ASSIGNED TASK – Collect the lines of the entries where "over" shows up.
*** ENTRIES SUPPLIED
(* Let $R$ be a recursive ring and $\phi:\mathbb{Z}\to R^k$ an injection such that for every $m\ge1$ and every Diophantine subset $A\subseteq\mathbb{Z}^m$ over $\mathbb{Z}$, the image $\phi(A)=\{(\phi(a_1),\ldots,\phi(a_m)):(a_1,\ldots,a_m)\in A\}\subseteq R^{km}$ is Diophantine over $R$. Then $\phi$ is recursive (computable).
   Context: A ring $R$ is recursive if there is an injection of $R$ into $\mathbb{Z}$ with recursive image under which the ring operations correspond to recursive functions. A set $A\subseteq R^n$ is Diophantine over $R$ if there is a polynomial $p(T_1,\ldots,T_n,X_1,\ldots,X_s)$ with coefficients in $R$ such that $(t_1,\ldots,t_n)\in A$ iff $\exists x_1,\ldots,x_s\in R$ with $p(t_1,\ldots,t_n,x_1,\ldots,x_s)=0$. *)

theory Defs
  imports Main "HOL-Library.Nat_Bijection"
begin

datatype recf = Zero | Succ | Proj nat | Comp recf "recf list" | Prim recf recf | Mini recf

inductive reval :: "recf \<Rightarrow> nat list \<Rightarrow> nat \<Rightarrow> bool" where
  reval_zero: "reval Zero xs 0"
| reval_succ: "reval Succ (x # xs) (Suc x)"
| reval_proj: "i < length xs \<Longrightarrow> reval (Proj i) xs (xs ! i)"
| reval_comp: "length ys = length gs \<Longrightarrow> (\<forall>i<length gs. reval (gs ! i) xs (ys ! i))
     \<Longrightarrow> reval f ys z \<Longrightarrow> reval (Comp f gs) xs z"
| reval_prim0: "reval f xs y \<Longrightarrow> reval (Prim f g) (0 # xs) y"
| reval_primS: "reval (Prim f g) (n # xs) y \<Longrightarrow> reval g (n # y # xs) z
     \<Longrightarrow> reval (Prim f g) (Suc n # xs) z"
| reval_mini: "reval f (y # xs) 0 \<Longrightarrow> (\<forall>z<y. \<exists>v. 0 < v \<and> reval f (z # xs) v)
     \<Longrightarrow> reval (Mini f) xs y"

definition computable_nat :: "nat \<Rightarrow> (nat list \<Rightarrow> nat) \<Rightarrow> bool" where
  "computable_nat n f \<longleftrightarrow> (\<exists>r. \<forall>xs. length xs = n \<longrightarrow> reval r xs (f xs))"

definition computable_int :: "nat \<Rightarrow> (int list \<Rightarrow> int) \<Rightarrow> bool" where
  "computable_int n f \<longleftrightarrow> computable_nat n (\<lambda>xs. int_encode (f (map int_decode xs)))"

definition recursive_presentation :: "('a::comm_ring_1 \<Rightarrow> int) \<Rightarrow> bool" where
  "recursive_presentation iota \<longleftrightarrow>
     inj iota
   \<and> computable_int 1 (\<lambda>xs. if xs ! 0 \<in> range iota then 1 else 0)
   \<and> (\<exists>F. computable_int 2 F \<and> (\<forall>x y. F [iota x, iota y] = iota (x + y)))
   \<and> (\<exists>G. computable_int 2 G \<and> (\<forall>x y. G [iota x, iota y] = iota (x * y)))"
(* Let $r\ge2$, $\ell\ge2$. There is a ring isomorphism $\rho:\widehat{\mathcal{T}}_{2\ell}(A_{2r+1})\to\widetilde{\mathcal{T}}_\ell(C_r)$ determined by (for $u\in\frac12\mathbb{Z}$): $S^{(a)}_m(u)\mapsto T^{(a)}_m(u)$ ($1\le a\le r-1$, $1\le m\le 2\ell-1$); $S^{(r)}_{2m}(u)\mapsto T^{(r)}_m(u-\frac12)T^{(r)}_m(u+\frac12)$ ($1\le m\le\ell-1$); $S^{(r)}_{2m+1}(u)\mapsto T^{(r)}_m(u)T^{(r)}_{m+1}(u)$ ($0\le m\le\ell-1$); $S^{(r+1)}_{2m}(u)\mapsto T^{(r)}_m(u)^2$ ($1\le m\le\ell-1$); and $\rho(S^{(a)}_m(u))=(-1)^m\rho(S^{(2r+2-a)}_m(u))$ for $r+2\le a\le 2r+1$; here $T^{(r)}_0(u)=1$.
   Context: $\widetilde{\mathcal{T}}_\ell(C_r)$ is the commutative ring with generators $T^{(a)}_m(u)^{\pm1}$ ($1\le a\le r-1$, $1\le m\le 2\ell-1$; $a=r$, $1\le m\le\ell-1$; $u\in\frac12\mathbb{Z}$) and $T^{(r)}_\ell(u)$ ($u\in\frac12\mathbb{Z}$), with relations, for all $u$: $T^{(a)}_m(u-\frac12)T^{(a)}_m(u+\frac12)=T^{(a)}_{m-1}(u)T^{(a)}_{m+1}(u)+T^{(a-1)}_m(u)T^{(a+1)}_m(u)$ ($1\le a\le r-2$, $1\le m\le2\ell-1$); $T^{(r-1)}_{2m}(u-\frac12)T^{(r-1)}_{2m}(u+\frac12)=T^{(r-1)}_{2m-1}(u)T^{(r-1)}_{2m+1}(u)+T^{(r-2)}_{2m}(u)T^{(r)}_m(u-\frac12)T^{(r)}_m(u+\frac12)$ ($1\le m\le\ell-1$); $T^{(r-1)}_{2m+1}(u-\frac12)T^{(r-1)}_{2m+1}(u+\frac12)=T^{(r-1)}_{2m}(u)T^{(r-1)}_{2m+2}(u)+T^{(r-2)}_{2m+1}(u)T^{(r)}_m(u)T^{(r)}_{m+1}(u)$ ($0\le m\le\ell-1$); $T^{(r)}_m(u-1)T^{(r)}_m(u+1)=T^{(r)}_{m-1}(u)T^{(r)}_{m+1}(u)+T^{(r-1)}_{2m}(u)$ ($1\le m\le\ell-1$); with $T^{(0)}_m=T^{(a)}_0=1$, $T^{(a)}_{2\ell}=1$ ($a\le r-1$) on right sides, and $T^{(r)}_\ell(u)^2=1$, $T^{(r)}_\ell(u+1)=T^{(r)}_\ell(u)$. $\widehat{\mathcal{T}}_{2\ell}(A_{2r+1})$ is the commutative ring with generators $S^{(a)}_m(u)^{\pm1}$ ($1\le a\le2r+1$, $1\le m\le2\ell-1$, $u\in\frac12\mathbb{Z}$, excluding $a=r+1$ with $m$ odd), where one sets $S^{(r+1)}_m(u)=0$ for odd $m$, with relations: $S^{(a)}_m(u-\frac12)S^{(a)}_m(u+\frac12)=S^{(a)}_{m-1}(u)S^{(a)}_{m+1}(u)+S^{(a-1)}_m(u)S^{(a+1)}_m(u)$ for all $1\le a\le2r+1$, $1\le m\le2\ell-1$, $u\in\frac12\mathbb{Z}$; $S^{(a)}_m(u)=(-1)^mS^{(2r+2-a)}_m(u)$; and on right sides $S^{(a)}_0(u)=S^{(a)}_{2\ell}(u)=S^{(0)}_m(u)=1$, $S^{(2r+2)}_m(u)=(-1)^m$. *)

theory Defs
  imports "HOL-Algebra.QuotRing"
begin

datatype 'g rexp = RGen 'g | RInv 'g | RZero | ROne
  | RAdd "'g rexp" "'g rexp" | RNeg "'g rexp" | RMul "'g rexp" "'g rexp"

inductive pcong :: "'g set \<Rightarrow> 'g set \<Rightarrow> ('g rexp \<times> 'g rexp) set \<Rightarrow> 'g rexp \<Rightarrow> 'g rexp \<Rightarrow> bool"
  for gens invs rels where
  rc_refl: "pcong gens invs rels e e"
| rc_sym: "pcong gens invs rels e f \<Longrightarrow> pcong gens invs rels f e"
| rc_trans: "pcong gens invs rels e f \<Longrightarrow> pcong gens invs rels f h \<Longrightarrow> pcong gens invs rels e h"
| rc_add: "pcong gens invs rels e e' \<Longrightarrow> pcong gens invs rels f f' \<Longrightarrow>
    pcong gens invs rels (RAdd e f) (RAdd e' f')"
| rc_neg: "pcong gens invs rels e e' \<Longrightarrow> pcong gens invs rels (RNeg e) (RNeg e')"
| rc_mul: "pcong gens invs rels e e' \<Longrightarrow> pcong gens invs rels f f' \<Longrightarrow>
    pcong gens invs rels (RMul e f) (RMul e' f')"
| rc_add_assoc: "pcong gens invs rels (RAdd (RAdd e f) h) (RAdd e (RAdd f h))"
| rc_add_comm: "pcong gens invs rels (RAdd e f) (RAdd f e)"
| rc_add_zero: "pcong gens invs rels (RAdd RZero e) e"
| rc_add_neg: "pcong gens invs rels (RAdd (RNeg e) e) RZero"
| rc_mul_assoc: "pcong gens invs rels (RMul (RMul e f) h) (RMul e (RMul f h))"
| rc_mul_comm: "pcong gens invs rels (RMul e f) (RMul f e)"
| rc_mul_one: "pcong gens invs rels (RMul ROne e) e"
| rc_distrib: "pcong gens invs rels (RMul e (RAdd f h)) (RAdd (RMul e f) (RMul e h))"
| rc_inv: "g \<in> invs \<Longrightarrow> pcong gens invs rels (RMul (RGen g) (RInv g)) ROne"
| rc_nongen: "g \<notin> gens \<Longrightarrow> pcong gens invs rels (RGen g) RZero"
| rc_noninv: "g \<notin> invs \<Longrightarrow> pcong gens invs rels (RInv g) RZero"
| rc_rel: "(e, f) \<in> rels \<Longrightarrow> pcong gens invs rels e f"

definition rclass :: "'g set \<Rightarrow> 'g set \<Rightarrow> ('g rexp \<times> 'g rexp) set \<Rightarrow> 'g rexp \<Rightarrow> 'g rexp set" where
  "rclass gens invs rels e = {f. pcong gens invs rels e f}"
******
EXERCISE RESULT –
(* Let $R$ be a recursive ring and $\phi:\mathbb{Z}\to R^k$ an injection such that for every $m\ge1$ and every Diophantine subset $A\subseteq\mathbb{Z}^m$ over $\mathbb{Z}$, the image $\phi(A)=\{(\phi(a_1),\ldots,\phi(a_m)):(a_1,\ldots,a_m)\in A\}\subseteq R^{km}$ is Diophantine over $R$. Then $\phi$ is recursive (computable).
   Context: A ring $R$ is recursive if there is an injection of $R$ into $\mathbb{Z}$ with recursive image under which the ring operations correspond to recursive functions. A set $A\subseteq R^n$ is Diophantine over $R$ if there is a polynomial $p(T_1,\ldots,T_n,X_1,\ldots,X_s)$ with coefficients in $R$ such that $(t_1,\ldots,t_n)\in A$ iff $\exists x_1,\ldots,x_s\in R$ with $p(t_1,\ldots,t_n,x_1,\ldots,x_s)=0$. *)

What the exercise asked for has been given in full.